By JOHN LICHFIELD in Paris
Islamic head-scarves, and other conspicuous religious symbols, should be banned from state schools in France, a long-awaited commission of inquiry recommended today.
The 20-strong commission, set up by President Jacques Chirac to consider ways of defending "secular" French society from religious "excesses", also suggested ways of making people of non-Christian faiths feel more welcome in France.
Muslim and Jewish festivals should be declared official holidays in French schools, in the same way as Christian holy days, the commission said.
President Chirac will give his official response to the recommendations next week. He is expected to accept their broad thrust, which was also welcomed yesterday by most, main-stream political parties and by anti-racism campaigners.
Islamic groups protested that the proposals were unnecessary and clearly discriminatory, despite the efforts made by the commission to devise gestures towards French people of the Islamic faith.
One of the main French teaching unions said that the suggestions would cause more problems than they solved, causing many more female pupils to be excluded from state schools.
Arguments over the wearing of head-scarves in state schools have erupted periodically in France over the last 14 years and have come to a head in recent months with much-publicised suspensions of pupils in Strasbourg and the northern suburbs of Paris.
The dispute may seem arcane but the secularity of state institutions is regarded as an important, founding principle of the French Republic.
There has been anguished debate over whether allowing teenage schooglirls to wear head-scarves - often misleadingly described as "voiles" or veils - amounts to a dangerous concession to fundamentalism. Feminists have attacked head-scarves as anti-women. Others, on both right and left, see them as a threat to another cherished Republican principle: that France is monolithoic and indivisible and should not be carved up into religious or ethnic "communities".
The dispute has cut through normal left-right divides, however. Many on the left believe that Muslim schoolgirls should have the right to wear scarves, as a matter of personal liberty. Politicians on the right - and the main Chistian churches of France - have criticised the idea of a new law as an example of "fundamentalist secularism", or religion-baiting.

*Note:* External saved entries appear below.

(* Let $n$ and $k$ be integers with $1 \le k < n$, and let $0 \le r \le k-1$. Consider a set of $n$ items, of which $k$ are "observed" and carry a total order (partial ranking) $\beta_1 \succ \beta_2 \succ \cdots \succ \beta_k$, and the remaining $n-k$ items are "unobserved". Let $j = \beta_{r+1}$ be the observed item having exactly $r$ observed items ranked above it, and let $i$ be an unobserved item. Call a complete ranking (total order) of all $n$ items compatible with $\beta$ if its restriction to the observed items coincides with $\beta_1 \succ \cdots \succ \beta_k$. Then the proportion of complete rankings compatible with $\beta$ in which $i \succ j$ equals $$p(n,k,r) = \frac{1}{t(n,k)} \sum_{s=0}^{n-k-1} V^{s}_{n-k-1}\,(s+1)\, S^{r}_{s+1}\,(n-k-s-1)!\, S^{n-k-s-1}_{k-r-1},$$ where $t(n,k) = (n-k)!\, S^{k}_{n-k}$ is the total number of complete rankings compatible with $\beta$, $S^a_b = \frac{(a+b)!}{a!\,b!}$ is the number of shuffles of two lists of lengths $a$ and $b$ (interleavings preserving the relative order within each list), and $V^a_b = \frac{b!}{(b-a)!}$ is the number of ordered selections of $a$ objects out of $b$.
   Context: A ranking $\pi_1 \succ \pi_2 \succ \cdots$ means $\pi_1$ is ranked best. A partial ranking is a total order on a subset of the items; a complete ranking compatible with it is a linear extension, i.e., a total order on all items that preserves the relative order of the partially ranked items. *)

theory Defs
  imports Complex_Main "HOL-Combinatorics.Multiset_Permutations"
begin
(* Let $\mathcal{C}$ be an $[n,k]_q$ MWS code with $k\ge 2$. Then $$n\ge\left\lceil\frac{q\,\theta_q(k-1)}{2}\right\rceil=\left\lceil\frac{q^{k+1}-q}{2(q-1)}\right\rceil=\left\lceil\tfrac12\left(q^k+q^{k-1}+\dots+q\right)\right\rceil.$$
   Context: An $[n,k]_q$ code is a $k$-dimensional subspace of $\mathbb{F}_q^n$, non-degenerate (no coordinate identically zero on the code). $\theta_q(k-1)=\frac{q^k-1}{q-1}$. The code is MWS if the set of its non-zero Hamming weights has cardinality $\theta_q(k-1)$. *)

theory Defs
  imports "HOL-Analysis.Analysis"
begin

text \<open>Codes of length n over the finite field 'a (q = CARD('a)) are subsets of
  'a ^ 'n, where the coordinate index type 'n has n = CARD('n) elements.\<close>

definition theta :: "nat \<Rightarrow> nat \<Rightarrow> nat" where
  "theta q m = (q ^ (m + 1) - 1) div (q - 1)"

definition hamming_wt :: "'a::zero ^ 'n \<Rightarrow> nat" where
  "hamming_wt x = card {i. x $ i \<noteq> 0}"

definition linear_code :: "('a::field ^ 'n) set \<Rightarrow> nat \<Rightarrow> bool" where
  "linear_code C k \<longleftrightarrow> vec.subspace C \<and> vec.dim C = k"

definition nondegenerate :: "('a::zero ^ 'n) set \<Rightarrow> bool" where
  "nondegenerate C \<longleftrightarrow> (\<forall>i. \<exists>x\<in>C. x $ i \<noteq> 0)"

definition MWS :: "('a::{field,finite} ^ 'n) set \<Rightarrow> nat \<Rightarrow> bool" where
  "MWS C k \<longleftrightarrow> card {hamming_wt x | x. x \<in> C \<and> x \<noteq> 0} = theta CARD('a) (k - 1)"

end

theory Submission
  imports Defs
begin
text \<open>
  As \<open>q \<rightarrow> 0\<close>, the factor \<open>(1 - e^{-qx})(1 - e^{-qy})\<close> tends to 0 pointwise and is bounded
  by \<open>min(1,x) min(1,y)\<close>, while \<open>|W(x,y)| \<le> \<epsilon> (1 + (x/y)^\<alpha> + (y/x)^\<alpha>)\<close>. Since
  \<open>(1 + (x/y)^\<alpha> + (y/x)^\<alpha>) min(1,x) min(1,y) \<le> 3 max(1,x) max(1,y)\<close>, dominated convergence
  applies once \<open>f\<close> is integrable near 0, in addition to having a finite first moment.

  Integrability near 0 is where \<open>K \<ge> c0\<close> enters: the equation gives
  \<open>x^2 f(x) \<ge> c0 (\<integral>_0^x y f(y) dy) (\<integral>_x^\<infinity> f)\<close>. If \<open>\<integral>_0^1 f = \<infinity>\<close>, the last factor exceeds
  \<open>2/c0\<close> on some \<open>(0,\<delta>)\<close>, so there \<open>x^2 f(x) \<ge> 2 \<integral>_0^x y f(y) dy\<close>. Dividing by \<open>x^2\<close>,
  integrating over \<open>(\<eta>,\<delta>)\<close> and exchanging the order of integration yields
  \<open>\<integral>_\<eta>^\<delta> f \<le> (2/\<delta>) \<integral> y f(y) dy\<close> uniformly in \<open>\<eta>\<close>, a contradiction.
\<close>

lemma borel_measurable_indicator_pos_times:
  fixes f :: "real \<Rightarrow> real"
  assumes "\<And>a b. 0 < a \<Longrightarrow> set_integrable lborel {a..b} f"
  shows "(\<lambda>x. indicator {0<..} x * f x) \<in> borel_measurable borel"
proof (rule borel_measurable_LIMSEQ_real)
  fix i :: nat
  have "set_integrable lborel {1/Suc i..Suc i} f" using assms by simp
  then show "(\<lambda>x. indicator {1/Suc i..real (Suc i)} x * f x) \<in> borel_measurable borel"
    unfolding set_integrable_def by (auto dest: borel_measurable_integrable)
next
  fix x :: real
  show "(\<lambda>i. indicator {1/Suc i..real (Suc i)} x * f x) \<longlonglongrightarrow> indicator {0<..} x * f x"
  proof (cases "x > 0")
    case True
    obtain N :: nat where N: "max x (1/x) \<le> N" using real_arch_simple by blast
    have "indicator {1/Suc i..real (Suc i)} x * f x = indicator {0<..} x * f x" if "N \<le> i" for i
    proof -
      have "max x (1/x) \<le> Suc i" using N that by linarith
      then show ?thesis using True by (simp add: indicator_def field_simps)
    qed
    then show ?thesis by (intro tendsto_eventually eventually_sequentiallyI)
  next
    case False
    have "\<not> 1/Suc i \<le> x" for i :: nat
      using False by (smt (verit) of_nat_0_less_iff zero_less_Suc divide_pos_pos)
    then show ?thesis using False by (simp add: indicator_def)
  qed
qed

lemma self_similar_profile_restrict_pos:
  assumes "self_similar_profile K f"
  shows "self_similar_profile K (\<lambda>x. indicator {0<..} x * f x)"
proof -
  let ?g = "\<lambda>x. indicator {0<..} x * f x"
  have "set_integrable lborel {a..b} ?g = set_integrable lborel {a..b} f" if "0 < a" for a b
    unfolding set_integrable_def using that
    by (intro Bochner_Integration.integrable_cong) (auto simp: indicator_def)
  moreover have "set_integrable lborel {0<..} (\<lambda>x. x * ?g x) = set_integrable lborel {0<..} (\<lambda>x. x * f x)"
    unfolding set_integrable_def
    by (intro Bochner_Integration.integrable_cong) (auto simp: indicator_def)
  moreover have
    "(\<integral>\<^sup>+ y. (\<integral>\<^sup>+ z. ennreal (K y z * y * ?g y * ?g z) * indicator {x - y<..} z \<partial>lborel)
        * indicator {0<..<x} y \<partial>lborel) =
     (\<integral>\<^sup>+ y. (\<integral>\<^sup>+ z. ennreal (K y z * y * f y * f z) * indicator {x - y<..} z \<partial>lborel)
        * indicator {0<..<x} y \<partial>lborel)" for x
    by (auto intro!: nn_integral_cong split: split_indicator)
  ultimately show ?thesis
    using assms unfolding self_similar_profile_def by (simp cong: conj_cong)
qed

lemma Mff_restrict_pos: "Mff K f = Mff K (\<lambda>x. indicator {0<..} x * f x)"
  unfolding Mff_def
  by (intro ext arg_cong[where f="\<lambda>x. 1/2 * x"] Bochner_Integration.integral_cong)
     (auto simp: indicator_def)

lemma nn_integral_Ioo_eq_SUP_Ico:
  fixes h :: "real \<Rightarrow> ennreal" and b :: real
  assumes [measurable]: "h \<in> borel_measurable borel" and "0 < b"
  shows "(\<integral>\<^sup>+x. h x * indicator {0<..<b} x \<partial>lborel)
       = (SUP n. \<integral>\<^sup>+x. h x * indicator {b/Suc n..<b} x \<partial>lborel)"
proof -
  have mono: "incseq (\<lambda>n x. h x * indicator {b/Suc n..<b} x)"
  proof (intro incseq_SucI le_funI mult_left_mono)
    fix n x
    have "b / Suc (Suc n) \<le> b / Suc n" using \<open>0 < b\<close> by (intro divide_left_mono) auto
    then show "indicator {b/Suc n..<b} x \<le> (indicator {b/Suc (Suc n)..<b} x :: ennreal)"
      by (auto simp: indicator_def)
  qed simp
  have "h x * indicator {0<..<b} x = (SUP n. h x * indicator {b/Suc n..<b} x)" for x
  proof (cases "0 < x \<and> x < b")
    case True
    obtain n :: nat where "b / x \<le> n" using real_arch_simple by blast
    then have "b / Suc n \<le> x" using True by (simp add: field_simps)
    then have "h x \<le> (SUP n. h x * indicator {b/Suc n..<b} x)"
      using True by (intro SUP_upper2[of n]) auto
    moreover have "(SUP n. h x * indicator {b/Suc n..<b} x) \<le> h x"
      by (intro SUP_least) (simp add: indicator_def)
    ultimately show ?thesis using True by simp
  next
    case False
    have "0 < b / Suc n" for n using \<open>0 < b\<close> by simp
    then have "x \<notin> {b/Suc n..<b}" for n using False by (meson atLeastLessThan_iff less_le_trans)
    then show ?thesis using False by simp
  qed
  then have "(\<integral>\<^sup>+x. h x * indicator {0<..<b} x \<partial>lborel)
      = (\<integral>\<^sup>+x. (SUP n. h x * indicator {b/Suc n..<b} x) \<partial>lborel)"
    by simp
  also have "\<dots> = (SUP n. \<integral>\<^sup>+x. h x * indicator {b/Suc n..<b} x \<partial>lborel)"
    by (rule nn_integral_monotone_convergence_SUP[OF mono]) measurable
  finally show ?thesis .
qed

Under the legal status-quo, "ostentatious" religious or political symbols are banned in state schools. Interpretation of the word "ostentatious" is left to individual schools and school districts. This has led to dozens of disputes about what forms of head-scarves, if any, are permissible.
The commission, led by a centrist politician from the Champagne region, Bernard Stasi, considered various new words and formulae before coming up withe word "ostensible".
The commission said that this should rule out head-scarves but also large, visible crucifices and Jewish skull-caps or kippas. Other less visible signs of devotion, such a small copies of the Koran, would be allowed.
Mouloud Aounit, leader of a moderate Muslim organisation, said the proposals would be be "pointless and ineffective" and were clearly "aimed at one religion above all, Islam". The Union of Jewish Students said it "applauded" the proposals "with both hands".
In the preamble to its proposals, the Stasi commission said: "The French Republic is built on secularity...To allow every citizen to feel represented by the Republic, and to allow all citizens to live together, the institutions of the state must be protected from the influence of any religious spiritual viewpoint...This ideal has molded our history. "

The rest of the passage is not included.